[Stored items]

● ● ●

(* Let $X,Y\in L^\infty$ and let $\mathcal{G}\subseteq\mathcal{F}$ be a sub-$\sigma$-field. Then $D_H(\mathbb{E}[X\mid\mathcal{G}],\mathbb{E}[Y\mid\mathcal{G}])\le\|X-Y\|_\infty$.
   Context: $\mathbb{K}$ is a local field with non-archimedean absolute value $|\cdot|$ satisfying $|x|=0 \iff x=0$, $|xy|=|x||y|$, $|x+y|\le|x|\vee|y|$. $(\Omega,\mathcal{F},\mathbb{P})$ is a probability space; all (in)equalities are a.s. $L^\infty$ is the space of $\mathbb{K}$-valued random variables $X$ with $\|X\|_\infty:=\operatorname{ess\,sup}|X|<\infty$; $L^\infty(\mathcal{G})$ its $\mathcal{G}$-measurable subspace. For a non-negative real random variable $S$, $\operatorname{ess\,sup}\{S\mid\mathcal{G}\}:=\sup_{p\ge1}\mathbb{E}[S^p\mid\mathcal{G}]^{1/p}$ (usual real conditional expectation), $\|X\|_\mathcal{G}:=\operatorname{ess\,sup}\{|X|\mid\mathcal{G}\}$, and the conditional expectation is the set $\mathbb{E}[X\mid\mathcal{G}]:=\{Y\in L^\infty(\mathcal{G}): \|X-Y\|_\mathcal{G}\le\|X-Z\|_\mathcal{G}\text{ for all }Z\in L^\infty(\mathcal{G})\}$. For subsets $A,B\subseteq L^\infty$, $D_H(A,B):=\sup_{U\in A}\inf_{V\in B}\|U-V\|_\infty\vee\sup_{V\in B}\inf_{U\in A}\|V-U\|_\infty$. *)

theory Defs
  imports "HOL-Probability.Probability"
begin

definition nonarch_abs :: "('k::field \<Rightarrow> real) \<Rightarrow> bool" where
  "nonarch_abs nm \<longleftrightarrow>
     (\<forall>x. nm x = 0 \<longleftrightarrow> x = 0) \<and>
     (\<forall>x y. nm (x * y) = nm x * nm y) \<and>
     (\<forall>x y. nm (x + y) \<le> max (nm x) (nm y))"

text \<open>The field 'k (carrying its metric topology) is a local field with respect to nm:
  the metric is induced by nm, nm is non-trivial (non-discrete topology), and 'k is
  locally compact.\<close>
definition local_field_abs :: "('k::{field, metric_space} \<Rightarrow> real) \<Rightarrow> bool" where
  "local_field_abs nm \<longleftrightarrow>
     nonarch_abs nm \<and>
     (\<forall>x y. dist x y = nm (x - y)) \<and>
     (\<exists>x. nm x \<noteq> 0 \<and> nm x \<noteq> 1) \<and>
     (\<exists>e>0. compact (cball (0::'k) e))"

definition norm_inf :: "'a measure \<Rightarrow> ('k \<Rightarrow> real) \<Rightarrow> ('a \<Rightarrow> 'k) \<Rightarrow> ereal" where
  "norm_inf M nm X = esssup M (\<lambda>\<omega>. ereal (nm (X \<omega>)))"

text \<open>\<open>L\<^sup>\<infinity>(\<G>)\<close>: essentially bounded \<G>-measurable random variables
  (with \<G> = M this is \<open>L\<^sup>\<infinity>\<close>).\<close>
definition Linf :: "'a measure \<Rightarrow> 'a measure \<Rightarrow> ('k::topological_space \<Rightarrow> real) \<Rightarrow> ('a \<Rightarrow> 'k) set" where
  "Linf M G nm = {X. X \<in> borel_measurable G \<and> norm_inf M nm X < \<infinity>}"

definition cond_ess_sup :: "'a measure \<Rightarrow> 'a measure \<Rightarrow> ('a \<Rightarrow> real) \<Rightarrow> 'a \<Rightarrow> real" where
  "cond_ess_sup M G S = (\<lambda>\<omega>. SUP p\<in>{1::nat..}. (real_cond_exp M G (\<lambda>x. S x ^ p) \<omega>) powr (1 / real p))"

definition cond_norm :: "'a measure \<Rightarrow> 'a measure \<Rightarrow> ('k \<Rightarrow> real) \<Rightarrow> ('a \<Rightarrow> 'k) \<Rightarrow> 'a \<Rightarrow> real" where
  "cond_norm M G nm X = cond_ess_sup M G (\<lambda>\<omega>. nm (X \<omega>))"

text \<open>The conditional expectation as a set of best \<G>-approximations.\<close>
definition cond_exp_set :: "'a measure \<Rightarrow> 'a measure \<Rightarrow> ('k::{field, topological_space} \<Rightarrow> real) \<Rightarrow> ('a \<Rightarrow> 'k) \<Rightarrow> ('a \<Rightarrow> 'k) set" where
  "cond_exp_set M G nm X =
     {Y \<in> Linf M G nm. \<forall>Z \<in> Linf M G nm.
        AE \<omega> in M. cond_norm M G nm (\<lambda>x. X x - Y x) \<omega> \<le> cond_norm M G nm (\<lambda>x. X x - Z x) \<omega>}"

definition hausdorff_dist :: "'a measure \<Rightarrow> ('k::field \<Rightarrow> real) \<Rightarrow> ('a \<Rightarrow> 'k) set \<Rightarrow> ('a \<Rightarrow> 'k) set \<Rightarrow> ereal" where
  "hausdorff_dist M nm A B =
     max (SUP U\<in>A. INF V\<in>B. norm_inf M nm (\<lambda>x. U x - V x))
         (SUP V\<in>B. INF U\<in>A. norm_inf M nm (\<lambda>x. V x - U x))"

end

theory Submission
  imports Defs
begin

text \<open>
  The conditional distance \<open>cdist X Z = ess sup{|X - Z| | G}\<close> satisfies the ultrametric
  inequality almost surely, is local on sets of \<open>G\<close>, equals \<open>|X - Z|\<close> when \<open>X\<close> and \<open>Z\<close> are
  \<open>G\<close>-measurable, and takes its values in the value set of the absolute value, which is
  discrete away from \<open>0\<close>.

  Let \<open>U \<in> E[X | G]\<close> and \<open>V0 \<in> E[Y | G]\<close> be best approximations. The variable that equals \<open>U\<close>
  where \<open>|U - V0| \<le> cdist Y V0\<close> and \<open>V0\<close> elsewhere is again a best approximation of \<open>Y\<close>,
  and the ultrametric inequality bounds its distance to \<open>U\<close> by \<open>\<parallel>X - Y\<parallel>\<^sub>\<infinity>\<close>. This gives both
  halves of the Hausdorff distance, once best approximations are known to exist. For existence,
  take a dense sequence \<open>d n\<close> and at each point the first \<open>d n\<close> whose conditional distance to
  \<open>X\<close> is within \<open>1 / (k + 1)\<close> of the infimum; the ultrametric inequality and discreteness
  of the values make these choices converge as \<open>k \<rightarrow> \<infinity>\<close>.
\<close>

lemma LEAST_less_INF_add:
  fixes h :: "nat \<Rightarrow> real"
  assumes "\<And>n. 0 \<le> h n" "0 < e"
  shows "h (LEAST n. h n < (INF n. h n) + e) < (INF n. h n) + e"
proof (rule LeastI_ex)
  have "bdd_below (range h)"
    using assms(1) by (auto intro: bdd_belowI[of _ 0])
  then show "\<exists>n. h n < (INF n. h n) + e"
    using assms(2) cINF_less_iff[of UNIV h "(INF n. h n) + e"] by auto
qed

lemma power_powr_inverse:
  fixes K :: real
  assumes "0 \<le> K" "1 \<le> p"
  shows "(K ^ p) powr (1 / real p) = K"
proof (cases "K = 0")
  case False
  with assms have "K ^ p = K powr real p"
    by (simp add: powr_realpow)
  with assms show ?thesis
    by (simp add: powr_powr)
qed (use assms in simp)

lemma power2_powr_double:
  fixes y :: real
  assumes "0 \<le> y" "1 \<le> p"
  shows "(y\<^sup>2) powr (1 / real (2 * p)) = y powr (1 / real p)"
proof (cases "y = 0")
  case False
  with assms have "y\<^sup>2 = y powr 2"
    by (simp add: powr_realpow)
  then have "(y\<^sup>2) powr (1 / real (2 * p)) = y powr (2 * (1 / real (2 * p)))"
    by (simp add: powr_powr)
  also have "2 * (1 / real (2 * p)) = 1 / real p"
    by simp
  finally show ?thesis .
qed (use assms in simp)

lemma tendsto_two_powr_root_mult:
  assumes "1 \<le> p"
  shows "(\<lambda>j. 2 powr (1 / real (2 ^ j * p)) * m) \<longlonglongrightarrow> (m::real)"
proof -
  have "strict_mono (\<lambda>j::nat. 2 ^ j * p)"
    using assms by (auto simp: strict_mono_def)
  from LIMSEQ_subseq_LIMSEQ[OF lim_1_over_n this]
  have "(\<lambda>j. 1 / real (2 ^ j * p)) \<longlonglongrightarrow> 0"
    by (simp add: o_def)
  then have "(\<lambda>j. 2 powr (1 / real (2 ^ j * p)) * m) \<longlonglongrightarrow> 2 powr 0 * m"
    by (intro tendsto_intros) auto
  then show ?thesis
    by simp
qed

lemma le_if_mult_powr_root_le:
  fixes t c P :: real
  assumes "0 < P" and le: "\<And>p. 1 \<le> p \<Longrightarrow> t * P powr (1 / real p) \<le> c"
  shows "t \<le> c"
proof -
  have "(\<lambda>n. t * P powr (1 / real n)) \<longlonglongrightarrow> t * P powr 0"
    using \<open>0 < P\<close> by (intro tendsto_intros lim_1_over_n) auto
  then have "(\<lambda>n. t * P powr (1 / real n)) \<longlonglongrightarrow> t"
    using \<open>0 < P\<close> by simp
  then show ?thesis
    by (rule LIMSEQ_le_const2) (use le in \<open>auto intro!: exI[of _ 1]\<close>)
qed

lemma le_if_le_max_tendsto:
  fixes z :: "nat \<Rightarrow> 'b::metric_space" and c m :: real
  assumes "0 \<le> m" and lim: "z \<longlonglongrightarrow> l"
    and le: "\<And>k. c \<le> max (m + 1 / Suc k) (dist (z k) l)"
  shows "c \<le> m"
proof -
  have "(\<lambda>k. max (m + 1 / Suc k) (dist (z k) l)) \<longlonglongrightarrow> max (m + 0) (dist l l)"
    by (intro tendsto_intros lim LIMSEQ_Suc[OF lim_1_over_n])
  then have "c \<le> max (m + 0) (dist l l)"
    by (rule LIMSEQ_le_const) (use le in blast)
  with \<open>0 \<le> m\<close> show ?thesis
    by simp
qed

section \<open>Non-archimedean local fields\<close>

locale local_field =
  fixes nm :: "'k::{field, metric_space, second_countable_topology} \<Rightarrow> real"
  assumes local_field_abs: "local_field_abs nm"
begin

● ● ●

__WORK INSTRUCTION__.
Only lines containing the string "ultrametric" belong in the answer; find them in the data above and copy them.

__SOLUTION TO THIS PROBLEM__.
  The conditional distance \<open>cdist X Z = ess sup{|X - Z| | G}\<close> satisfies the ultrametric
  and the ultrametric inequality bounds its distance to \<open>U\<close> by \<open>\<parallel>X - Y\<parallel>\<^sub>\<infinity>\<close>. This gives both
  \<open>X\<close> is within \<open>1 / (k + 1)\<close> of the infimum; the ultrametric inequality and discreteness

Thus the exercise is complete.